(* Let $\mathbb{F}\in\{\mathbb{R},\mathbb{C}\}$ and let $X$ be a Banach algebra over $\mathbb{F}$ with unit element $\mathbf{1}$. Let $h:X\to X$ and $\phi,\psi:X^2\to[0,\infty)$ satisfy $$\|h(xyx)-h(x)yx-xh(y)x-xyh(x)\|\le\psi(x,y),$$ $$\|h(\lambda a x+by)-\lambda A h(x)-Bh(y)\|\le\phi(x,y)$$ for all $x,y\in X$ and all $\lambda\in\Lambda$, where $a,b,A,B\in\mathbb{F}$ are fixed with $ab\neq0$ and $\Lambda\subseteq\mathbb{F}$ is nonempty. Assume there is $\xi\in\Lambda\setminus\{0\}$ such that $d:=\xi A+B=\xi a+b$ satisfies $d\neq 0$ and $d\neq 1$, and that for all $x,y\in X$: $$\Phi(x):=\sum_{k=0}^{\infty}|d|^{-k-1}\phi(d^kx,d^kx)<\infty,\qquad \liminf_{k\to\infty}|d|^{-k}\phi(d^kx,d^ky)=0,$$ $$\liminf_{k\to\infty}|d|^{-3k}\psi(d^kx,d^ky)=0,\qquad \liminf_{k\to\infty}|d|^{-2k}\psi(d^kx,y)=0.$$ Then $h$ is a Jordan triple derivation. Furthermore, if $\Lambda$ has a bounded subset $\Lambda_0$ with $\Lambda_0\in\mathcal{B}_{\mathbb{F}}$, then $h$ is a linear Jordan triple derivation.
   Context: A Jordan triple derivation on an algebra $X$ is an additive map $D:X\to X$ with $D(xyx)=D(x)yx+xD(y)x+xyD(x)$ for all $x,y\in X$; it is linear if moreover $D(\lambda x)=\lambda D(x)$ for all scalars $\lambda$ and $x\in X$. $\mathcal{B}_{\mathbb{F}}$ denotes the family of all sets $\Lambda\subseteq\mathbb{F}$ such that every additive function $f:\mathbb{F}\to X$ which is bounded on $\Lambda$ is continuous. *)

theory Defs
  imports "HOL-Analysis.Analysis"
begin
lemma tail_del_detecting_C_det:
  assumes "1 \<le> q"
  shows "tail_del_detecting t (C_det q t)"
  using length_gap_C_det[OF assms] by (rule tail_del_detecting_if_length_gap)

lemma is_code_C_det:
  assumes "1 \<le> q"
  shows "is_code q (C_det q t)"
  unfolding is_code_def using mem_C_det_iff[OF assms] by blast

definition pad :: "nat \<Rightarrow> nat \<Rightarrow> nat list \<Rightarrow> nat list" where
  "pad q n \<pi> = take n (filter (\<lambda>x. x \<notin> set \<pi>) [0..<q]) @ \<pi>"

lemma
  assumes "\<pi> \<in> S q m" and "n \<le> q - m"
  shows pad_mem_S: "pad q n \<pi> \<in> S q (m + n)"
    and drop_pad: "drop n (pad q n \<pi>) = \<pi>"
proof -
  define r where "r = filter (\<lambda>x. x \<notin> set \<pi>) [0..<q]"
  have \<pi>: "length \<pi> = m" "distinct \<pi>" "set \<pi> \<subseteq> {0..<q}"
    using assms(1) unfolding S_def by auto
  have r: "distinct r" "set r = {0..<q} - set \<pi>"
    unfolding r_def by auto
  have "length r = card ({0..<q} - set \<pi>)"
    using distinct_card[OF r(1)] r(2) by simp
  also have "\<dots> = q - m"
    using \<pi> by (simp add: card_Diff_subset distinct_card)
  finally have "length r = q - m" .
  then have "length (take n r) = n"
    using assms(2) by simp
  moreover have "pad q n \<pi> = take n r @ \<pi>"
    unfolding pad_def r_def ..
  moreover have "distinct (take n r @ \<pi>)" "set (take n r @ \<pi>) \<subseteq> {0..<q}"
    using r \<pi> by (auto dest: in_set_takeD)
  ultimately show "pad q n \<pi> \<in> S q (m + n)" "drop n (pad q n \<pi>) = \<pi>"
    unfolding S_def using \<pi>(1) by auto
qed
(* Let $\circ$ be a binary operation on $L$ and consider: (C1) $a\circ b=a\vee b$ for all $a,b\in L^+$; (C2) $a\circ(-a)=\mathbb{O}$ for all $a\in L$; (C3) $-(a\circ b)=(-a)\circ(-b)$ for all $a,b\in L$; (C3+) $-(a\circ b)=(-a)\circ(-b)$ for all $a,b\in L^+$. Then: (0) if $\circ$ satisfies (C1) and (C2), then $\circ$ is not associative; (1) if $\circ$ satisfies (C1), (C2), (C3), then there is no such $\circ$ for which the set $A(\circ)=\{(a,b,c)\in L^3:(a\circ b)\circ c=a\circ(b\circ c)\}$ strictly contains $A(\oplus)$, where $\oplus$ is the symmetric maximum; (2) if $\circ$ satisfies (C1) and (C3+), then $\mathbb{O}$ is a neutral element of $\circ$; if moreover $\circ$ is associative then $|a\circ(-a)|\ge|a|$ for all $a\in L$; and if moreover $\circ$ is isotone then $|a\circ(-a)|=|a|$.
   Context: Let $(L^+,\le)$ be a totally ordered set with bottom $\mathbb{O}$ and top $\mathbb{1}\neq\mathbb{O}$. Let $L^-=\{-a:a\in L^+\}$ be a disjoint copy of $L^+$ with reversed order ($-a\le-b$ iff $b\le a$), and $L=L^+\cup L^-$ with $-\mathbb{O}$ identified with $\mathbb{O}$, totally ordered so that every element of $L^-$ lies below every element of $L^+$; $-(-a)=a$; $|a|=a$ for $a\in L^+$, $|a|=-a$ otherwise. The symmetric maximum is $a\oplus b=\mathbb{O}$ if $b=-a$, and otherwise the one of $a,b$ with larger absolute value. Isotone means $a\le a'$, $b\le b'$ imply $a\circ b\le a'\circ b'$. *)

theory Defs
  imports Main
begin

### WHAT IS EXPECTED
In your answer, repeat each line of the material word for word.

### SOLUTION FOR THIS TASK
(* Let $\mathbb{F}\in\{\mathbb{R},\mathbb{C}\}$ and let $X$ be a Banach algebra over $\mathbb{F}$ with unit element $\mathbf{1}$. Let $h:X\to X$ and $\phi,\psi:X^2\to[0,\infty)$ satisfy $$\|h(xyx)-h(x)yx-xh(y)x-xyh(x)\|\le\psi(x,y),$$ $$\|h(\lambda a x+by)-\lambda A h(x)-Bh(y)\|\le\phi(x,y)$$ for all $x,y\in X$ and all $\lambda\in\Lambda$, where $a,b,A,B\in\mathbb{F}$ are fixed with $ab\neq0$ and $\Lambda\subseteq\mathbb{F}$ is nonempty. Assume there is $\xi\in\Lambda\setminus\{0\}$ such that $d:=\xi A+B=\xi a+b$ satisfies $d\neq 0$ and $d\neq 1$, and that for all $x,y\in X$: $$\Phi(x):=\sum_{k=0}^{\infty}|d|^{-k-1}\phi(d^kx,d^kx)<\infty,\qquad \liminf_{k\to\infty}|d|^{-k}\phi(d^kx,d^ky)=0,$$ $$\liminf_{k\to\infty}|d|^{-3k}\psi(d^kx,d^ky)=0,\qquad \liminf_{k\to\infty}|d|^{-2k}\psi(d^kx,y)=0.$$ Then $h$ is a Jordan triple derivation. Furthermore, if $\Lambda$ has a bounded subset $\Lambda_0$ with $\Lambda_0\in\mathcal{B}_{\mathbb{F}}$, then $h$ is a linear Jordan triple derivation.
   Context: A Jordan triple derivation on an algebra $X$ is an additive map $D:X\to X$ with $D(xyx)=D(x)yx+xD(y)x+xyD(x)$ for all $x,y\in X$; it is linear if moreover $D(\lambda x)=\lambda D(x)$ for all scalars $\lambda$ and $x\in X$. $\mathcal{B}_{\mathbb{F}}$ denotes the family of all sets $\Lambda\subseteq\mathbb{F}$ such that every additive function $f:\mathbb{F}\to X$ which is bounded on $\Lambda$ is continuous. *)

theory Defs
  imports "HOL-Analysis.Analysis"
begin
lemma tail_del_detecting_C_det:
  assumes "1 \<le> q"
  shows "tail_del_detecting t (C_det q t)"
  using length_gap_C_det[OF assms] by (rule tail_del_detecting_if_length_gap)

lemma is_code_C_det:
  assumes "1 \<le> q"
  shows "is_code q (C_det q t)"
  unfolding is_code_def using mem_C_det_iff[OF assms] by blast

definition pad :: "nat \<Rightarrow> nat \<Rightarrow> nat list \<Rightarrow> nat list" where
  "pad q n \<pi> = take n (filter (\<lambda>x. x \<notin> set \<pi>) [0..<q]) @ \<pi>"

lemma
  assumes "\<pi> \<in> S q m" and "n \<le> q - m"
  shows pad_mem_S: "pad q n \<pi> \<in> S q (m + n)"
    and drop_pad: "drop n (pad q n \<pi>) = \<pi>"
proof -
  define r where "r = filter (\<lambda>x. x \<notin> set \<pi>) [0..<q]"
  have \<pi>: "length \<pi> = m" "distinct \<pi>" "set \<pi> \<subseteq> {0..<q}"
    using assms(1) unfolding S_def by auto
  have r: "distinct r" "set r = {0..<q} - set \<pi>"
    unfolding r_def by auto
  have "length r = card ({0..<q} - set \<pi>)"
    using distinct_card[OF r(1)] r(2) by simp
  also have "\<dots> = q - m"
    using \<pi> by (simp add: card_Diff_subset distinct_card)
  finally have "length r = q - m" .
  then have "length (take n r) = n"
    using assms(2) by simp
  moreover have "pad q n \<pi> = take n r @ \<pi>"
    unfolding pad_def r_def ..
  moreover have "distinct (take n r @ \<pi>)" "set (take n r @ \<pi>) \<subseteq> {0..<q}"
    using r \<pi> by (auto dest: in_set_takeD)
  ultimately show "pad q n \<pi> \<in> S q (m + n)" "drop n (pad q n \<pi>) = \<pi>"
    unfolding S_def using \<pi>(1) by auto
qed
(* Let $\circ$ be a binary operation on $L$ and consider: (C1) $a\circ b=a\vee b$ for all $a,b\in L^+$; (C2) $a\circ(-a)=\mathbb{O}$ for all $a\in L$; (C3) $-(a\circ b)=(-a)\circ(-b)$ for all $a,b\in L$; (C3+) $-(a\circ b)=(-a)\circ(-b)$ for all $a,b\in L^+$. Then: (0) if $\circ$ satisfies (C1) and (C2), then $\circ$ is not associative; (1) if $\circ$ satisfies (C1), (C2), (C3), then there is no such $\circ$ for which the set $A(\circ)=\{(a,b,c)\in L^3:(a\circ b)\circ c=a\circ(b\circ c)\}$ strictly contains $A(\oplus)$, where $\oplus$ is the symmetric maximum; (2) if $\circ$ satisfies (C1) and (C3+), then $\mathbb{O}$ is a neutral element of $\circ$; if moreover $\circ$ is associative then $|a\circ(-a)|\ge|a|$ for all $a\in L$; and if moreover $\circ$ is isotone then $|a\circ(-a)|=|a|$.
   Context: Let $(L^+,\le)$ be a totally ordered set with bottom $\mathbb{O}$ and top $\mathbb{1}\neq\mathbb{O}$. Let $L^-=\{-a:a\in L^+\}$ be a disjoint copy of $L^+$ with reversed order ($-a\le-b$ iff $b\le a$), and $L=L^+\cup L^-$ with $-\mathbb{O}$ identified with $\mathbb{O}$, totally ordered so that every element of $L^-$ lies below every element of $L^+$; $-(-a)=a$; $|a|=a$ for $a\in L^+$, $|a|=-a$ otherwise. The symmetric maximum is $a\oplus b=\mathbb{O}$ if $b=-a$, and otherwise the one of $a,b$ with larger absolute value. Isotone means $a\le a'$, $b\le b'$ imply $a\circ b\le a'\circ b'$. *)

theory Defs
  imports Main
begin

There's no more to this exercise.